The counsel for the plaintiffs have argued, that although there is no evidence of actual damage, the jury ought to give damages either to the full value of the expense of making the machine, or of the price, at which such a machine might be sold. But neither of these estimates can form a rule for damages for the illegal making of the machine. As to the expense of making the machine, it is obvious that it is an expense altogether incurred by the defendant, and is not a loss sustained by the plaintiffs. The latter neither found the materials nor the labor. How then can it be an actual damage sustained by them? As to the price, for which such a machine would sell, it is open to the same and to this farther objection: that the price is compounded of the value of the materials and the workmanship, and also of the right of user of the machine.

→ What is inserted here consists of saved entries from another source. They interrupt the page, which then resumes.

lemma extend_graph_dominated:
  assumes p: "sublinear p" and G: "linear_graph G" and dom: "\<forall>(x, a)\<in>G. a \<le> p x"
    and c: "\<And>y a. (y, a) \<in> G \<Longrightarrow> a - p (y - x0) \<le> c \<and> c \<le> p (y + x0) - a"
  shows "\<forall>(x, b)\<in>extend_graph G x0 c. b \<le> p x"
proof (clarify elim!: extend_graphE)
  fix y :: 'a and a t :: real
  assume ya: "(y, a) \<in> G"
  have hom: "p (s *\<^sub>R v) = s * p v" if "0 < s" for s v
    using p that by (simp add: sublinear_def)
  consider "t = 0" | "0 < t" | "t < 0" by linarith
  then show "a + t * c \<le> p (y + t *\<^sub>R x0)"
  proof cases
    case 1
    then show ?thesis using dom ya by auto
  next
    case 2
    have "c \<le> p ((1 / t) *\<^sub>R y + x0) - (1 / t) * a"
      using c[OF linear_graphD(3)[OF G ya]] by blast
    also have "(1 / t) *\<^sub>R y + x0 = (1 / t) *\<^sub>R (y + t *\<^sub>R x0)"
      using 2 by (simp add: algebra_simps)
    finally have "t * c \<le> t * ((1 / t) * p (y + t *\<^sub>R x0) - (1 / t) * a)"
      using 2 by (simp add: hom)
    then show ?thesis
      using 2 by (simp add: algebra_simps)
  next
    case 3
    define s where "s = - t"
    have s: "0 < s" using 3 by (simp add: s_def)
    have "(1 / s) * a - p ((1 / s) *\<^sub>R y - x0) \<le> c"
      using c[OF linear_graphD(3)[OF G ya]] by blast
    also have "(1 / s) *\<^sub>R y - x0 = (1 / s) *\<^sub>R (y + t *\<^sub>R x0)"
      using s by (simp add: s_def algebra_simps)
    finally have "s * ((1 / s) * a - (1 / s) * p (y + t *\<^sub>R x0)) \<le> s * c"
      using s by (simp add: hom)
    then show ?thesis
      using s by (simp add: s_def algebra_simps)
  qed
qed

lemma sublinear_extension_value:
  assumes p: "sublinear p" and G: "linear_graph G" "G \<noteq> {}" and dom: "\<forall>(x, a)\<in>G. a \<le> p x"
  obtains c where "\<And>y a. (y, a) \<in> G \<Longrightarrow> a - p (y - x0) \<le> c \<and> c \<le> p (y + x0) - a"
proof
  have below: "a - p (y - x0) \<le> p (z + x0) - b" if "(y, a) \<in> G" "(z, b) \<in> G" for y a z b
  proof -
    have "a + b \<le> p (y + z)"
      using dom linear_graphD(2)[OF G(1) that] by auto
    also have "y + z = (y - x0) + (z + x0)"
      by simp
    also have "p \<dots> \<le> p (y - x0) + p (z + x0)"
      using p unfolding sublinear_def by blast
    finally show ?thesis by simp
  qed
  define S where "S = {a - p (y - x0) | y a. (y, a) \<in> G}"
  have "S \<noteq> {}" using G(2) by (auto simp: S_def)
  moreover have "bdd_above S"
    using G(2) below unfolding bdd_above_def S_def by fast
  ultimately show "a - p (y - x0) \<le> Sup S \<and> Sup S \<le> p (y + x0) - a" if "(y, a) \<in> G" for y a
    using that below by (auto intro!: cSup_upper cSup_least simp: S_def)
qed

Now, admitting the plaintiffs recover in this action, there can be no pretence, that thereby a legal right will pass to the defendant to use the machine made by him. Every future use will be an infringement of the plaintiff’s patent; and therefore if the plaintiffs could in this suit recover such price, they not only would recover for materials and labor, which they never furnished, and for a right of user which never passed from them, but also for that, which might lawfully be the subject of another action, viz. the future user of the defendant’s machine; so that there might be a double recovery for the same supposed injury.
At the former trial, the court were pressed with the difficulty of finding any rule to estimate the plaintiff’s damages, when none were actually proved, by the making of the machine; and I still adhere to the decision then made, that in such case the plaintiffs eon recover nominal damages only. The jury, if satisfied of the plaintiff’s right to recover, will estimate the plaintiff’s single damages, according to the principles which I have stated, as they shall find the facts of a making or of a user of the machine. The court will treble the damages found by the jury in awarding the proper judgment.
The jury found a verdict for the plaintiffs, that the defendant was guilty of making the machine only, and assessed single damages at $350.